Instructions for the task:
This exercise requires an exact copy of each line from the one containing "unfolding g_def by simp" down to the last line below.

>>>

(* Let $d=n+1$, $u_k=e_k$ for $k=1,\dots,n$ and $u_{n+1}=e_1+\dots+e_n$; take $\lambda^{(j)}_k=0$ for $j=1,2,3$, $k=1,\dots,n$, and $\lambda^{(1)}_{n+1}=-\lambda$ with $\lambda>0$, $\lambda^{(2)}_{n+1}=\lambda^{(3)}_{n+1}=0$. Then the circle $N$ acts freely on $\mu^{-1}(0)$, the quotient $M=\mu^{-1}(0)/N$ is a smooth $4n$-manifold with two connected components, each diffeomorphic to $\mathbb R^{4n}$ and interchanged by the involution $\hat\sigma$, and the induced hypersymplectic structure on $M$ is non-degenerate everywhere.
   Context: Setting: $\mathbb C^{d,d}=\mathbb C^d\times\mathbb C^d$ with coordinates $(z,w)$, $g=\mathrm{Re}\sum_k(dz_k\,d\bar z_k-dw_k\,d\bar w_k)$, $I(z,w)=(iz,-iw)$, $S(z,w)=(w,z)$, $T=IS$, $\omega_A(Y,Z)=g(Y,AZ)$; $\mathbb T^d$ acts by $(z_k,w_k)\mapsto(e^{i\theta_k}z_k,e^{i\theta_k}w_k)$. With $u_1,\dots,u_d\in\mathbb Z^n$ spanning $\mathbb R^n$: $\beta\colon\mathbb R^d\to\mathbb R^n$, $e_k\mapsto u_k$; $\mathfrak n=\ker\beta$ with inclusion $\iota$; $N\subset\mathbb T^d$ the kernel of the induced homomorphism $\mathbb T^d\to\mathbb T^n$. Identify $\mathbb R^d$ with its dual. With real constants $\lambda^{(j)}_k$ and $\lambda^{(c)}_k=\lambda^{(2)}_k+i\lambda^{(3)}_k$: $\mu_I(z,w)=\sum_k(\tfrac12(|z_k|^2+|w_k|^2)+\lambda^{(1)}_k)\iota^*e_k$, $(\mu_S+i\mu_T)(z,w)=\sum_k(iz_k\bar w_k+\lambda^{(c)}_k)\iota^*e_k$, $M=\mu^{-1}(0)/N$. The induced forms $\omega'_A$ on $M$ satisfy $\pi^*\omega'_A=\omega_A|_{\mu^{-1}(0)}$. $\hat\sigma$ is the involution of $M$ induced by $\sigma(z,w)=(\bar w,\bar z)$. *)

theory Defs
  imports "HOL-Analysis.Analysis"
begin
(* Let $(\Omega,\mathcal A)$ be a Borel space, $(\Omega,X_\bullet)$ a Borel field of complete metric spaces, and $F_\bullet$ a subfield with $F_\omega$ closed in $X_\omega$ for every $\omega$. The following are equivalent: (i) $F_\bullet$ is a Borel subfield; (ii) $\omega\mapsto d_\omega(x_\omega,F_\omega)\in[0,\infty]$ is Borel for every $x_\bullet\in\mathcal L(\Omega,X_\bullet)$; (iii) $\omega\mapsto d_\omega(x_\omega,F_\omega)$ is Borel for every $x_\bullet$ in some fundamental family $\mathcal D$ of $\mathcal L(\Omega,X_\bullet)$. (Convention: $d(x,\emptyset)=\infty$.)
   Context: Borel field of metric spaces: $(X_\omega,d_\omega)_{\omega\in\Omega}$ metric spaces; a section is $x_\bullet=(x_\omega)$, $x_\omega\in X_\omega$. A Borel structure is a set $\mathcal L(\Omega,X_\bullet)$ of sections such that (a) $\omega\mapsto d_\omega(x_\omega,y_\omega)$ is Borel for all $x_\bullet,y_\bullet\in\mathcal L$; (b) any section $y_\bullet$ with $\omega\mapsto d_\omega(x_\omega,y_\omega)$ Borel for all $x_\bullet\in\mathcal L$ lies in $\mathcal L$; (c) there is a countable $\mathcal D=\{x^n_\bullet\}\subseteq\mathcal L$ (fundamental family) with $\{x^n_\omega\}_n$ dense in $X_\omega$ for all $\omega$. For Borel $\Omega'$, $\mathcal L(\Omega',X_\bullet)$ = restrictions to $\Omega'$ of Borel sections. A subfield is $A_\bullet=(A_\omega)$ with $A_\omega\subseteq X_\omega$ (possibly empty); it is Borel if $\Omega'=\{\omega:A_\omega\ne\emptyset\}\in\mathcal A$ and there are countably many $y^n_\bullet\in\mathcal L(\Omega',X_\bullet)$ with $y^n_\omega\in A_\omega$ and $A_\omega\subseteq\overline{\{y^n_\omega\}_n}$ for all $\omega\in\Omega'$. *)

theory Defs
  imports "HOL-Analysis.Analysis"
begin

text \<open>Ambient carrier type 'x; fibre X w is a set with metric d w.
  Omega = space M, A = sets M.\<close>

definition is_section :: "'w measure \<Rightarrow> ('w \<Rightarrow> 'x set) \<Rightarrow> ('w \<Rightarrow> 'x) \<Rightarrow> bool" where
  "is_section M X x \<longleftrightarrow> (\<forall>w\<in>space M. x w \<in> X w)"

definition dense_in :: "('x \<Rightarrow> 'x \<Rightarrow> real) \<Rightarrow> 'x set \<Rightarrow> 'x set \<Rightarrow> bool" where
  "dense_in d A S \<longleftrightarrow> (\<forall>p\<in>S. \<forall>e>0. \<exists>q\<in>A. d q p < e)"
(* Assume the setting (S) below. If $V$ and $V'$ are proper $T$-submodules of $M$, then $V+V'$ is a proper $T$-submodule of $M$.
   Context: Setting (S): $\mathbb{F}$ is a field, $d\ge0$, and $(\{\theta_i\}_{i=0}^d;\{\theta^*_i\}_{i=0}^d;\{\zeta_i\}_{i=0}^d)$ are scalars in $\mathbb{F}$ satisfying: (C1) $\theta_i\ne\theta_j$, $\theta^*_i\ne\theta^*_j$ for $i\ne j$; (C2) $\zeta_0=1$, $\zeta_d\ne0$, $\sum_{i=0}^d\eta_{d-i}(\theta_0)\eta^*_{d-i}(\theta^*_0)\zeta_i\ne0$, where $\eta_i(\lambda)=\prod_{j=0}^{i-1}(\lambda-\theta_{d-j})$, $\eta^*_i(\lambda)=\prod_{j=0}^{i-1}(\lambda-\theta^*_{d-j})$; (C3) $\frac{\theta_{i-2}-\theta_{i+1}}{\theta_{i-1}-\theta_i}$ and $\frac{\theta^*_{i-2}-\theta^*_{i+1}}{\theta^*_{i-1}-\theta^*_i}$ are equal and independent of $i$ for $2\le i\le d-1$. Let $\tau_i(\lambda)=\prod_{j=0}^{i-1}(\lambda-\theta_j)$. For any such data satisfying (C1),(C3), $T$ denotes the associative $\mathbb{F}$-algebra with $1$ generated by $a,e_0,\dots,e_d,a^*,e^*_0,\dots,e^*_d$ with relations $e_ie_j=\delta_{ij}e_i$, $e^*_ie^*_j=\delta_{ij}e^*_i$, $\sum_ie_i=\sum_ie^*_i=1$, $a=\sum_i\theta_ie_i$, $a^*=\sum_i\theta^*_ie^*_i$, $e^*_ia^ke^*_j=0$ and $e_i{a^*}^ke_j=0$ whenever $0\le i,j,k\le d$, $k<|i-j|$; $e^*_0Te^*_0$ is a commutative $\mathbb{F}$-algebra with identity $e^*_0$, and $\mu:\mathbb{F}[x_1,\dots,x_d]\to e^*_0Te^*_0$ is the surjective algebra homomorphism $x_i\mapsto e^*_0\tau_i(a)e^*_0$. It is assumed (the $\mu$-conjecture) that for every $d'\ge0$ and every data $\{\theta_i\},\{\theta^*_i\}$ of length $d'+1$ satisfying (C1),(C3), the corresponding $\mu$ is an isomorphism. For $1\le i\le d$ put $g_i=e^*_0\tau_i(a)e^*_0-\zeta_ie^*_0/((\theta^*_0-\theta^*_1)\cdots(\theta^*_0-\theta^*_i))$, $J=T(1-e^*_0)+\sum_{i=1}^dTg_i$, and $M=T/J$ as a left $T$-module. *)

theory Defs
  imports Main "HOL-Library.Poly_Mapping"
begin
(* Let $P$ be a finite lattice and let $r:\mathcal{L}_P\to\mathbb{R}_{\ge0}$ satisfy (R.1) $r(f)\le r(g)$ whenever $f\le g$, and (R.2) $r(f+g)=r(f)+r(g)-r(f\cdot g)$ whenever $(f,g)$ is a modular pair in $\mathcal{L}_P$. Then there exists an additive map $\mu:2^P\to\mathbb{R}_{\ge0}$ (i.e. $\mu(S\cup T)=\mu(S)+\mu(T)$ for disjoint $S,T$) such that $r(f)=\mu(P\setminus\Phi f)+r(0)$ for every $f\in\mathcal{L}_P$.
   Context: $P$ is a finite lattice with greatest element $\hat p$. $\mathcal{L}_P$ is the set of maps $f:P\to P$ satisfying (A.1) $a\le f(a)$; (A.2) $a\le b\Rightarrow f(a)\le f(b)$; (A.3) $f(f(a))=f(a)$, ordered pointwise; it is a lattice with join $+$, meet $\cdot$, least element $0$ (identity map). $\Phi f=\{a:f(a)=a\}$. A pair $(f,g)$ in a lattice is a modular pair if $h+(f\cdot g)=(h+f)\cdot g$ for every $h\le g$. *)

theory Defs
  imports Complex_Main
begin

definition closure_op :: "('a::order \<Rightarrow> 'a) \<Rightarrow> bool" where
  "closure_op f \<longleftrightarrow> (\<forall>a. a \<le> f a) \<and> (\<forall>a b. a \<le> b \<longrightarrow> f a \<le> f b) \<and> (\<forall>a. f (f a) = f a)"

definition cl_join :: "('a::order \<Rightarrow> 'a) \<Rightarrow> ('a \<Rightarrow> 'a) \<Rightarrow> ('a \<Rightarrow> 'a)" where
  "cl_join f g = (THE h. closure_op h \<and> f \<le> h \<and> g \<le> h \<and>
      (\<forall>k. closure_op k \<and> f \<le> k \<and> g \<le> k \<longrightarrow> h \<le> k))"

definition cl_meet :: "('a::order \<Rightarrow> 'a) \<Rightarrow> ('a \<Rightarrow> 'a) \<Rightarrow> ('a \<Rightarrow> 'a)" where
  "cl_meet f g = (THE h. closure_op h \<and> h \<le> f \<and> h \<le> g \<and>
      (\<forall>k. closure_op k \<and> k \<le> f \<and> k \<le> g \<longrightarrow> k \<le> h))"

definition Phi :: "('a \<Rightarrow> 'a) \<Rightarrow> 'a set" where
  "Phi f = {a. f a = a}"

definition cl_modular_pair :: "('a::order \<Rightarrow> 'a) \<Rightarrow> ('a \<Rightarrow> 'a) \<Rightarrow> bool" where
  "cl_modular_pair f g \<longleftrightarrow>
     (\<forall>h. closure_op h \<and> h \<le> g \<longrightarrow> cl_join h (cl_meet f g) = cl_meet (cl_join h f) g)"

end

theory Submission
  imports Defs
begin

text \<open>Closure operators on P correspond to their sets of closed elements, the Moore families
(subsets containing the top and closed under binary meets), and the order of \<open>\<L>\<^sub>P\<close> is reverse
inclusion of closed sets. If \<open>x\<close> is a minimal non-closed element of \<open>f\<close>, then adding \<open>x\<close> to the
closed sets of \<open>f\<close> gives another closure operator \<open>g\<close>, and \<open>f\<close> forms a modular pair with the
closure operator \<open>c\<^sub>x\<close> whose only closed elements are \<open>x\<close> and the top. Condition (R.2) then reads
\<open>r f = r g + w x\<close> with \<open>w x = r \<top> - r c\<^sub>x \<ge> 0\<close>, where \<open>\<top>\<close> is the constant map to the top.
Adding the non-closed elements one at a time yields \<open>r f = r 0 + \<Sum>x\<notin>\<Phi> f. w x\<close>.\<close>

definition top_elem :: "'a::{finite,lattice}" where
  "top_elem = Sup_fin UNIV"

lemma le_top_elem: "(a::'a::{finite,lattice}) \<le> top_elem"
  unfolding top_elem_def by (rule Sup_fin.coboundedI) auto

lemma closure_op_top_elem: "closure_op f \<Longrightarrow> f top_elem = top_elem"
  unfolding closure_op_def using le_top_elem by (metis order_antisym)

lemma closure_op_le_iff_Phi:
  assumes f: "closure_op f" and g: "closure_op g"
  shows "f \<le> g \<longleftrightarrow> Phi g \<subseteq> Phi f"
proof
  assume le: "f \<le> g"
  show "Phi g \<subseteq> Phi f"
  proof
    fix a assume "a \<in> Phi g"
    then have "f a \<le> a" using le_funD[OF le, of a] unfolding Phi_def by simp
    then show "a \<in> Phi f" using f unfolding closure_op_def Phi_def by (simp add: order_antisym)
  qed
next
  assume sub: "Phi g \<subseteq> Phi f"
  show "f \<le> g"
  proof (rule le_funI)
    fix a
    have "g a \<in> Phi f" using g sub unfolding closure_op_def Phi_def by auto
    then have "f (g a) = g a" unfolding Phi_def by simp
    moreover have "f a \<le> f (g a)" using f g unfolding closure_op_def by simp
    ultimately show "f a \<le> g a" by simp
  qed
qed

lemma cl_join_eqI:
  assumes "closure_op h" "f \<le> h" "g \<le> h"
    and "\<And>k. closure_op k \<Longrightarrow> f \<le> k \<Longrightarrow> g \<le> k \<Longrightarrow> h \<le> k"
  shows "cl_join f g = h"
  unfolding cl_join_def by (rule the_equality) (use assms in \<open>blast intro: order_antisym\<close>)+

lemma cl_meet_eqI:
  assumes "closure_op h" "h \<le> f" "h \<le> g"
    and "\<And>k. closure_op k \<Longrightarrow> k \<le> f \<Longrightarrow> k \<le> g \<Longrightarrow> k \<le> h"
  shows "cl_meet f g = h"
  unfolding cl_meet_def by (rule the_equality) (use assms in \<open>blast intro: order_antisym\<close>)+

definition moore_family :: "'a::{finite,lattice} set \<Rightarrow> bool" where
  "moore_family S \<longleftrightarrow> top_elem \<in> S \<and> (\<forall>a\<in>S. \<forall>b\<in>S. inf a b \<in> S)"

definition moore_closure :: "'a::{finite,lattice} set \<Rightarrow> 'a \<Rightarrow> 'a" where
  "moore_closure S a = Inf_fin {y\<in>S. a \<le> y}"

lemma Inf_fin_mem_inf_closed:
  assumes "finite A" "A \<noteq> {}" "A \<subseteq> S" "\<forall>a\<in>S. \<forall>b\<in>S. inf a b \<in> S"
  shows "Inf_fin A \<in> S"
  using assms by (induction A rule: finite_ne_induct) (simp_all add: Inf_fin.insert)

lemma
  assumes "moore_family (S::'a::{finite,lattice} set)"
  shows moore_closure_mem: "moore_closure S a \<in> S"
    and moore_closure_upper: "a \<le> moore_closure S a"
    and moore_closure_least: "y \<in> S \<Longrightarrow> a \<le> y \<Longrightarrow> moore_closure S a \<le> y"
proof -
  have ne: "{y\<in>S. a \<le> y} \<noteq> {}"
    using assms le_top_elem unfolding moore_family_def by auto
  show "moore_closure S a \<in> S" unfolding moore_closure_def
    by (rule Inf_fin_mem_inf_closed[OF _ ne]) (use assms in \<open>simp_all add: moore_family_def\<close>)
  show "a \<le> moore_closure S a" unfolding moore_closure_def
    by (rule Inf_fin.boundedI[OF _ ne]) auto
  show "y \<in> S \<Longrightarrow> a \<le> y \<Longrightarrow> moore_closure S a \<le> y" unfolding moore_closure_def
    by (rule Inf_fin.coboundedI) auto
qed

lemma moore_closure_fixed: "moore_family S \<Longrightarrow> y \<in> S \<Longrightarrow> moore_closure S y = y"
  by (simp add: moore_closure_least moore_closure_upper order_antisym)

lemma closure_op_moore_closure:
  assumes "moore_family S"
  shows "closure_op (moore_closure S)"
  unfolding closure_op_def
proof (intro conjI allI impI)
  fix a b :: 'a assume "a \<le> b"
  also have "b \<le> moore_closure S b" by (rule moore_closure_upper[OF assms])
  finally show "moore_closure S a \<le> moore_closure S b"
    by (rule moore_closure_least[OF assms moore_closure_mem[OF assms]])
qed (simp_all add: assms moore_closure_upper moore_closure_mem moore_closure_fixed)

lemma Phi_moore_closure:
  assumes "moore_family S"
  shows "Phi (moore_closure S) = S"
proof (intro equalityI subsetI)
  fix a assume "a \<in> Phi (moore_closure S)"
  then show "a \<in> S" using moore_closure_mem[OF assms, of a] unfolding Phi_def by simp
qed (simp add: Phi_def moore_closure_fixed[OF assms])

lemma moore_family_Phi:
  assumes f: "closure_op f"
  shows "moore_family (Phi f)"
  unfolding moore_family_def
proof (intro conjI ballI)
  show "top_elem \<in> Phi f" using closure_op_top_elem[OF f] unfolding Phi_def by simp
  fix a b assume "a \<in> Phi f" "b \<in> Phi f"
  moreover have "f (inf a b) \<le> f a" "f (inf a b) \<le> f b"
    using f unfolding closure_op_def by simp_all
  ultimately have "f (inf a b) \<le> inf a b" unfolding Phi_def by simp
  then show "inf a b \<in> Phi f"
    using f unfolding closure_op_def Phi_def by (auto intro: order_antisym)
qed

lemma moore_family_Int: "moore_family A \<Longrightarrow> moore_family B \<Longrightarrow> moore_family (A \<inter> B)"
  unfolding moore_family_def by auto

lemma moore_family_insert_top: "moore_family {x::'a::{finite,lattice}, top_elem}"
  unfolding moore_family_def using le_top_elem[of x]
  by (auto simp: inf_absorb1 inf_absorb2)

lemma moore_family_insert_minimal:
  assumes S: "moore_family S"
    and minimal: "\<And>b. b \<notin> S \<Longrightarrow> b \<le> x \<Longrightarrow> b = x"
  shows "moore_family (insert x S)"
proof -
  have "inf a x \<in> insert x S" if "a \<in> S" for a
    using minimal[of "inf a x"] by auto
  then show ?thesis using S unfolding moore_family_def by (auto simp: inf_commute)
qed

lemma cl_join_eq_moore_closure:
  assumes f: "closure_op f" and g: "closure_op g"
  shows "cl_join f g = moore_closure (Phi f \<inter> Phi g)"
proof -
  have M: "moore_family (Phi f \<inter> Phi g)"
    using moore_family_Int moore_family_Phi f g by blast
  show ?thesis
    by (rule cl_join_eqI)
       (use M f g in \<open>simp_all add: closure_op_moore_closure Phi_moore_closure closure_op_le_iff_Phi\<close>)
qed

lemma cl_meet_eq_moore_closure:
  assumes f: "closure_op f" and g: "closure_op g" and M: "moore_family (Phi f \<union> Phi g)"
  shows "cl_meet f g = moore_closure (Phi f \<union> Phi g)"
  by (rule cl_meet_eqI)
     (use M f g in \<open>simp_all add: closure_op_moore_closure Phi_moore_closure closure_op_le_iff_Phi\<close>)

lemma
  fixes f :: "'a::{finite,lattice} \<Rightarrow> 'a" and x :: 'a
  defines "c \<equiv> moore_closure {x, top_elem}"
  assumes f: "closure_op f" and x: "x \<notin> Phi f"
    and minimal: "\<And>b. b \<notin> Phi f \<Longrightarrow> b \<le> x \<Longrightarrow> b = x"
  shows cl_join_minimal_nonclosed: "cl_join f c = moore_closure {top_elem}"
    and cl_meet_minimal_nonclosed: "cl_meet f c = moore_closure (insert x (Phi f))"
    and cl_modular_pair_minimal_nonclosed: "cl_modular_pair f c"
proof -
  have top_f: "top_elem \<in> Phi f" using moore_family_Phi[OF f] unfolding moore_family_def by blast
  have G: "moore_family (insert x (Phi f))"
    using moore_family_insert_minimal[OF moore_family_Phi[OF f] minimal] .
  have c: "closure_op c" "Phi c = {x, top_elem}"
    unfolding c_def using closure_op_moore_closure Phi_moore_closure moore_family_insert_top by blast+
  have Phi_union: "Phi f \<union> Phi c = insert x (Phi f)" using c(2) top_f by auto
  show "cl_join f c = moore_closure {top_elem}"
  proof -
    have "Phi f \<inter> Phi c = {top_elem}" using c(2) top_f x by auto
    then show ?thesis using cl_join_eq_moore_closure[OF f c(1)] by simp
  qed
  show meet: "cl_meet f c = moore_closure (insert x (Phi f))"
    using cl_meet_eq_moore_closure[OF f c(1)] Phi_union G by simp
  show "cl_modular_pair f c"
    unfolding cl_modular_pair_def
  proof (intro allI impI, elim conjE)
    fix h assume h: "closure_op h" "h \<le> c"
    then have "Phi c \<subseteq> Phi h" using c(1) closure_op_le_iff_Phi by blast
    then have Phi_eq: "(Phi h \<inter> Phi f) \<union> Phi c = Phi h \<inter> insert x (Phi f)"
      using c(2) top_f by auto
    have M_hf: "moore_family (Phi h \<inter> Phi f)"
      using moore_family_Int moore_family_Phi h(1) f by blast
    have hf: "closure_op (moore_closure (Phi h \<inter> Phi f))"
      "Phi (moore_closure (Phi h \<inter> Phi f)) = Phi h \<inter> Phi f"
      using M_hf closure_op_moore_closure Phi_moore_closure by blast+
    have M: "moore_family (Phi h \<inter> insert x (Phi f))"
      using moore_family_Int moore_family_Phi h(1) G by blast
    have "cl_join h (cl_meet f c) = moore_closure (Phi h \<inter> insert x (Phi f))"
      using meet cl_join_eq_moore_closure[OF h(1) closure_op_moore_closure[OF G]]
      by (simp add: Phi_moore_closure[OF G])
    also have "\<dots> = cl_meet (cl_join h f) c"
      using cl_join_eq_moore_closure[OF h(1) f] cl_meet_eq_moore_closure[OF hf(1) c(1)] hf(2) Phi_eq M
      by simp
    finally show "cl_join h (cl_meet f c) = cl_meet (cl_join h f) c" .
  qed
qed

lemma rank_eq_sum_over_nonclosed:
  fixes r :: "('a::{finite, lattice} \<Rightarrow> 'a) \<Rightarrow> real"
  assumes R2: "\<And>f g. closure_op f \<Longrightarrow> closure_op g \<Longrightarrow> cl_modular_pair f g \<Longrightarrow>
               r (cl_join f g) = r f + r g - r (cl_meet f g)"
    and f: "closure_op f"
  shows "r f = r id +
    (\<Sum>x\<in>UNIV - Phi f. r (moore_closure {top_elem}) - r (moore_closure {x, top_elem}))"
  using f
proof (induction "card (UNIV - Phi f)" arbitrary: f rule: less_induct)
  case less
  let ?w = "\<lambda>x. r (moore_closure {top_elem}) - r (moore_closure {x, top_elem})"
  show ?case
  proof (cases "UNIV - Phi f = {}")
    case True
    then have "f = id" unfolding Phi_def by (auto intro!: ext)
    with True show ?thesis by (simp only: sum.empty)
  next
    case False
    then obtain x where x: "x \<in> UNIV - Phi f"
      and minimal: "\<And>b. b \<notin> Phi f \<Longrightarrow> b \<le> x \<Longrightarrow> b = x"
      using finite_has_minimal[OF finite False] by blast
    define g where "g = moore_closure (insert x (Phi f))"
    have G: "moore_family (insert x (Phi f))"
      using moore_family_insert_minimal[OF moore_family_Phi[OF less.prems] minimal] .
    have g: "closure_op g" "UNIV - Phi g = (UNIV - Phi f) - {x}"
      unfolding g_def using closure_op_moore_closure[OF G] Phi_moore_closure[OF G] by auto
    have "r g = r id + (\<Sum>y\<in>(UNIV - Phi f) - {x}. ?w y)"
      using less.hyps[OF _ g(1)] g(2) card_Diff1_less[OF finite x] by simp
    moreover have "r f = r g + ?w x"
    proof -
      let ?c = "moore_closure {x, top_elem}"
      have "closure_op ?c" using closure_op_moore_closure[OF moore_family_insert_top] .
      from R2[OF less.prems this cl_modular_pair_minimal_nonclosed[OF less.prems _ minimal]]
      show ?thesis
        using x cl_join_minimal_nonclosed[OF less.prems _ minimal]
          cl_meet_minimal_nonclosed[OF less.prems _ minimal]
        unfolding g_def by simp
    qed
    ultimately show ?thesis
      using sum.remove[OF finite x, of ?w] by simp
  qed
qed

<<<

Result of the exercise:
        unfolding g_def by simp
    qed
    ultimately show ?thesis
      using sum.remove[OF finite x, of ?w] by simp
  qed
qed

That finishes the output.